Review your award letter, subtracting gift aid from the cost but not any non-gift aid such as loans and work-study. Yes, work-study is not considered gift aid. There is no guarantee of employment, as jobs are first-come, first-served.
At the end of this process you will arrive at the “true” cost, the net price to attend. Families need to determine their strategy for paying this cost, be it through student loans, current cash flow or savings.
Beware the gift
We’ve already discussed gift aid and its importance in determining a school’s net price. However, some families make the planning mistake of assuming that the same amount of gift aid will be available for all four years of college. That is not always the case. Some colleges will front-load grant or scholarship money and reduce the awards in subsequent years.

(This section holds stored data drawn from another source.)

(* Let $X$ be a metrizable space and $A\subset X$. Then the discretization $X_A$ of $X$ by $A$ has a regular base at non-isolated points.
   Context: The discretization $X_A$ is the set $X$ with the topology generated by the base $\{U: U \text{ open in } X\}\cup\{\{x\}:x\in A\}$. A base $\mathcal{B}$ is regular at $x$ if for every neighborhood $U$ of $x$ there is an open $V$ with $x\in V\subset U$ such that $\{B\in\mathcal{B}: B\cap V\neq\emptyset,\ B\not\subset U\}$ is finite; a regular base at non-isolated points is regular at every non-isolated point. *)

theory Defs
  imports "HOL-Analysis.Analysis"
begin

definition discretization :: "'a topology \<Rightarrow> 'a set \<Rightarrow> 'a topology" where
  "discretization X A =
     topology_generated_by ({U. openin X U} \<union> {{x} | x. x \<in> A})"

definition is_base :: "'a topology \<Rightarrow> 'a set set \<Rightarrow> bool" where
  "is_base T \<B> \<longleftrightarrow> (\<forall>B\<in>\<B>. openin T B) \<and>
     (\<forall>U. openin T U \<longrightarrow> (\<forall>x\<in>U. \<exists>B\<in>\<B>. x \<in> B \<and> B \<subseteq> U))"

definition regular_at :: "'a topology \<Rightarrow> 'a set set \<Rightarrow> 'a \<Rightarrow> bool" where
  "regular_at T \<B> x \<longleftrightarrow>
     (\<forall>U. (\<exists>W. openin T W \<and> x \<in> W \<and> W \<subseteq> U) \<longrightarrow>
        (\<exists>V. openin T V \<and> x \<in> V \<and> V \<subseteq> U \<and>
             finite {B\<in>\<B>. B \<inter> V \<noteq> {} \<and> \<not> B \<subseteq> U}))"

definition isolated_point :: "'a topology \<Rightarrow> 'a \<Rightarrow> bool" where
  "isolated_point T x \<longleftrightarrow> x \<in> topspace T \<and> openin T {x}"

definition has_regular_base_at_nonisolated :: "'a topology \<Rightarrow> bool" where
  "has_regular_base_at_nonisolated T \<longleftrightarrow>
     (\<exists>\<B>. is_base T \<B> \<and>
        (\<forall>x\<in>topspace T. \<not> isolated_point T x \<longrightarrow> regular_at T \<B> x))"

end

theory Submission
  imports Defs
begin

text \<open>
  Let X be metrizable with metric d on M, and A a subset of M. The proof follows the
  classical construction of a regular base from a sequence of locally finite open covers.

  (1) X-open sets and singletons of points of A are open in the discretization X_A, and
      every X_A-open set is an X-neighbourhood of each of its points outside A.
  (2) Stone's theorem in the form needed here: for every radius r > 0 the metric space has a
      locally finite open cover by sets contained in balls of radius r. This is proved by
      M. E. Rudin's explicit construction from a well-ordering of M.
  (3) Choosing such covers F m of mesh (1/2)^m, the family of all their members together with
      the singletons of points of A is a base of X_A. At a non-isolated point x (that is, a
      point outside A) it is regular: a small neighbourhood V of x meets only members of F k
      that lie inside a given neighbourhood U when k is large, and for the finitely many small
      k only finitely many members of F k meet V, by local finiteness.
\<close>

section \<open>The discretization of a topology\<close>

lemma topspace_discretization:
  assumes "A \<subseteq> topspace X"
  shows "topspace (discretization X A) = topspace X"
  using assms unfolding discretization_def by (auto dest: openin_subset)

lemma openin_discretization_open: "openin X W \<Longrightarrow> openin (discretization X A) W"
  unfolding discretization_def by (intro topology_generated_by_Basis) auto

lemma openin_discretization_singleton: "a \<in> A \<Longrightarrow> openin (discretization X A) {a}"
  unfolding discretization_def by (intro topology_generated_by_Basis) auto

lemma discretization_open_nbhd:
  assumes "openin (discretization X A) S" "x \<in> S" "x \<notin> A"
  shows "\<exists>W. openin X W \<and> x \<in> W \<and> W \<subseteq> S"
proof -
  have "generate_topology_on ({U. openin X U} \<union> {{x} | x. x \<in> A}) S"
    using assms(1) unfolding discretization_def by (rule openin_topology_generated_by)
  then have "\<forall>x\<in>S. x \<in> A \<or> (\<exists>W. openin X W \<and> x \<in> W \<and> W \<subseteq> S)"
  proof induction
    case Empty
    then show ?case by simp
  next
    case (Int a b)
    show ?case
    proof
      fix x assume x: "x \<in> a \<inter> b"
      show "x \<in> A \<or> (\<exists>W. openin X W \<and> x \<in> W \<and> W \<subseteq> a \<inter> b)"
      proof (cases "x \<in> A")
        case False
        have "x \<in> A \<or> (\<exists>W. openin X W \<and> x \<in> W \<and> W \<subseteq> a)" using Int.IH(1) x by blast
        then obtain W1 where W1: "openin X W1" "x \<in> W1" "W1 \<subseteq> a" using False by blast
        have "x \<in> A \<or> (\<exists>W. openin X W \<and> x \<in> W \<and> W \<subseteq> b)" using Int.IH(2) x by blast
        then obtain W2 where W2: "openin X W2" "x \<in> W2" "W2 \<subseteq> b" using False by blast
        have "openin X (W1 \<inter> W2)" using W1(1) W2(1) by (rule openin_Int)
        then show ?thesis using W1 W2 by blast
      qed (rule disjI1)
    qed
  next
    case (UN K)
    show ?case
    proof
      fix x assume "x \<in> \<Union>K"
      then obtain k where k: "k \<in> K" "x \<in> k" by blast
      then have "x \<in> A \<or> (\<exists>W. openin X W \<and> x \<in> W \<and> W \<subseteq> k)" using UN.IH by blast
      then show "x \<in> A \<or> (\<exists>W. openin X W \<and> x \<in> W \<and> W \<subseteq> \<Union>K)" using k by blast
    qed
  next
    case (Basis s)
    then have "openin X s \<or> (\<exists>a. s = {a} \<and> a \<in> A)" by blast
    then show ?case by blast
  qed
  then show ?thesis using assms(2,3) by blast
qed

definition dyadic :: "nat \<Rightarrow> real" where
  "dyadic n = (1/2) ^ n"

lemma dyadic_pos: "0 < dyadic n"
  by (simp add: dyadic_def)

lemma dyadic_Suc: "dyadic (Suc n) = dyadic n / 2"
  by (simp add: dyadic_def)

lemma dyadic_antimono: "m \<le> n \<Longrightarrow> dyadic n \<le> dyadic m"
  unfolding dyadic_def by (simp add: power_decreasing)

lemma dyadic_small: "0 < r \<Longrightarrow> \<exists>n. dyadic n < r"
  unfolding dyadic_def by (rule real_arch_pow_inv) auto

section \<open>Locally finite covers of metric spaces\<close>

definition (in Metric_space) locally_finite_cover :: "real \<Rightarrow> 'a set set \<Rightarrow> bool" where
  "locally_finite_cover r \<W> \<longleftrightarrow>
     (\<forall>W\<in>\<W>. openin mtopology W \<and> (\<exists>p\<in>M. W \<subseteq> mball p r)) \<and> M \<subseteq> \<Union>\<W> \<and>
     (\<forall>x\<in>M. \<exists>N. openin mtopology N \<and> x \<in> N \<and> finite {W\<in>\<W>. W \<inter> N \<noteq> {}})"

text \<open>Every type carries a well-founded strict total order (by the well-ordering theorem);
  it is used to assign each point to the least ball of radius \<open>\<epsilon>\<close> containing it.\<close>

lemma wf_total_order_exists:
  obtains R :: "'a rel" where "wf R" "\<And>p q. p \<noteq> q \<Longrightarrow> (p, q) \<in> R \<or> (q, p) \<in> R"
proof -
  obtain r :: "'a rel" where wo: "Well_order r" and univ: "Field r = UNIV"
    using well_ordering [where 'a = "'a"] by blast
  have "wf (r - Id)" using wo by (simp add: order_on_defs)
  moreover have "(p, q) \<in> r - Id \<or> (q, p) \<in> r - Id" if "p \<noteq> q" for p q
    using wo univ that by (auto simp: order_on_defs total_on_def)
  ultimately show thesis by (rule that)
qed

lemma finite_subsingleton: "(\<And>a b. a \<in> S \<Longrightarrow> b \<in> S \<Longrightarrow> a = b) \<Longrightarrow> finite S"
  by (metis finite.simps is_singletonI' is_singleton_def)

text \<open>Rudin's construction.\<close>

locale Stone_construction = Metric_space +
  fixes R :: "'a rel" and \<epsilon> :: real
  assumes wf_R: "wf R"
    and total_R: "p \<noteq> q \<Longrightarrow> (p, q) \<in> R \<or> (q, p) \<in> R"
    and eps_pos: "0 < \<epsilon>"
begin

definition owner :: "'a \<Rightarrow> 'a \<Rightarrow> bool" where
  "owner p c \<longleftrightarrow> c \<in> mball p \<epsilon> \<and> (\<forall>q. (q, p) \<in> R \<longrightarrow> c \<notin> mball q \<epsilon>)"

definition centres :: "nat \<Rightarrow> 'a \<Rightarrow> 'a set \<Rightarrow> 'a set" where
  "centres n p S = {c. owner p c \<and> c \<notin> S \<and> mball c (3 * dyadic n) \<subseteq> mball p \<epsilon>}"

primrec covered :: "nat \<Rightarrow> 'a set" where
  "covered 0 = {}"
| "covered (Suc n) = covered n \<union> (\<Union>p. \<Union>c\<in>centres n p (covered n). mball c (dyadic n))"

definition cell :: "nat \<Rightarrow> 'a \<Rightarrow> 'a set" where
  "cell n p = (\<Union>c\<in>centres n p (covered n). mball c (dyadic n))"

definition cells :: "'a set set" where
  "cells = {cell n p | n p. p \<in> M}"

lemma owner_exists:
  assumes "c \<in> M"
  shows "\<exists>p. owner p c"
proof -
  have "c \<in> {p. c \<in> mball p \<epsilon>}" using assms eps_pos by simp
  then obtain p where "p \<in> {p. c \<in> mball p \<epsilon>}" "\<And>q. (q, p) \<in> R \<Longrightarrow> q \<notin> {p. c \<in> mball p \<epsilon>}"
    by (rule wfE_min[OF wf_R]) blast
  then have "owner p c" unfolding owner_def by simp
  then show ?thesis ..
qed

lemma mem_cellE:
  assumes "y \<in> cell n p"
  obtains c where "owner p c" "c \<notin> covered n" "mball c (3 * dyadic n) \<subseteq> mball p \<epsilon>"
    "y \<in> mball c (dyadic n)"
  using assms unfolding cell_def centres_def by blast

lemma covered_Suc: "covered (Suc n) = covered n \<union> (\<Union>p. cell n p)"
  by (simp add: cell_def)

lemma covered_eq: "covered n = (\<Union>j<n. \<Union>p. cell j p)"
proof (induction n)
  case 0
  then show ?case by simp
next
  case (Suc n)
  have "covered (Suc n) = (\<Union>j<n. \<Union>p. cell j p) \<union> (\<Union>p. cell n p)"
    by (simp only: covered_Suc Suc.IH)
  also have "\<dots> = (\<Union>j<Suc n. \<Union>p. cell j p)"
    by (simp add: lessThan_Suc Un_commute)
  finally show ?case .
qed

lemma cell_subset_covered: "j < i \<Longrightarrow> cell j q \<subseteq> covered i"
  unfolding covered_eq[of i] by blast

lemma openin_cell: "openin mtopology (cell n p)"
  unfolding cell_def by (rule openin_Union) auto

lemma cell_subset_ball: "cell n p \<subseteq> mball p \<epsilon>"
proof
  fix y assume "y \<in> cell n p"
  then obtain c where "owner p c" "c \<notin> covered n"
    and c: "mball c (3 * dyadic n) \<subseteq> mball p \<epsilon>" "y \<in> mball c (dyadic n)"
    by (rule mem_cellE)
  then have "y \<in> mball c (3 * dyadic n)" using dyadic_pos[of n] by auto
  then show "y \<in> mball p \<epsilon>" using c(1) by blast
qed

text \<open>Every point lies in some cell: either it is covered before the stage n at which the
  ball of radius 3(1/2)^n around it fits into the \<open>\<epsilon>\<close>-ball of its owner, or it is a centre
  at stage n.\<close>

lemma cells_cover:
  assumes x: "x \<in> M"
  shows "\<exists>n p. x \<in> cell n p"
proof -
  obtain p where p: "owner p x" using owner_exists[OF x] by blast
  then have pM: "p \<in> M" and px: "d p x < \<epsilon>" unfolding owner_def by auto
  obtain n where n: "dyadic n < (\<epsilon> - d p x) / 3" using dyadic_small[of "(\<epsilon> - d p x) / 3"] px by auto
  have fits: "mball x (3 * dyadic n) \<subseteq> mball p \<epsilon>"
  proof
    fix y assume "y \<in> mball x (3 * dyadic n)"
    then have "y \<in> M" "d x y < 3 * dyadic n" by auto
    moreover have "d p y \<le> d p x + d x y" using triangle[of p x y] pM x \<open>y \<in> M\<close> by simp
    ultimately show "y \<in> mball p \<epsilon>" using pM n by auto
  qed
  show ?thesis
  proof (cases "x \<in> covered n")
    case True
    then show ?thesis unfolding covered_eq[of n] by blast
  next
    case False
    then have "x \<in> centres n p (covered n)" using p fits unfolding centres_def by blast
    moreover have "x \<in> mball x (dyadic n)" using x dyadic_pos[of n] by simp
    ultimately show ?thesis unfolding cell_def by blast
  qed
qed

text \<open>A cell of stage i only contains points within (1/2)^i of a centre outside the region
  covered before stage i.\<close>

lemma cell_far_from_covered:
  assumes "mball x \<rho> \<subseteq> covered i" "x \<in> M" "y \<in> cell i q"
  shows "\<rho> < d x y + dyadic i"
proof -
  obtain c where c: "c \<notin> covered i" "y \<in> mball c (dyadic i)"
    using assms(3) by (blast elim: mem_cellE)
  have cM: "c \<in> M" "y \<in> M" using c(2) by auto
  have "c \<notin> mball x \<rho>" using c(1) assms(1) by blast
  then have "\<rho> \<le> d x c" using assms(2) cM by auto
  moreover have "d x c \<le> d x y + d y c" using triangle[of x y c] assms(2) cM by simp
  moreover have "d y c < dyadic i" using c(2) commute[of y c] by simp
  ultimately show ?thesis by linarith
qed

It’s imperative to talk with the school’s financial aid administrator about the guidelines surrounding your aid package to find out if you can expect award amounts to change year to year. The last thing you want is to incur additional debt to meet any unexpected aid shortfall.
Keep an eye on your EFC
Your expected family contribution, or EFC, is the minimum amount colleges will expect you to pay toward the cost of your child’s education. Your EFC determines your eligibility for need-based aid such as grants and is based on a number of factors, including family income, assets and the number of children in school at the same time.
Since your EFC will be recalculated every year, any anticipated changes in your finances will need to be accounted for since they could affect your eligibility for future gift aid. Planning on having multiple children in college at once? That could work to your advantage, as some schools will reduce your EFC, which could in turn increase your aid package.
A financial aid award letter doesn’t have to be a nasty surprise. By gaining an understanding of the college planning process, you can determine with a high level of certainty what aid package to expect from most schools. This information alone can prove invaluable toward reducing your family’s long-term education costs.
In addition to college selection and financial aid, your college planning strategy should incorporate tax aid, savings vehicles such as 529 plans and the best use of your personal resources to cover your share of the costs.
College is an enormous investment, one whose costs are increasing. You need to be proactive and plan for it. The alternative could cost you your retirement.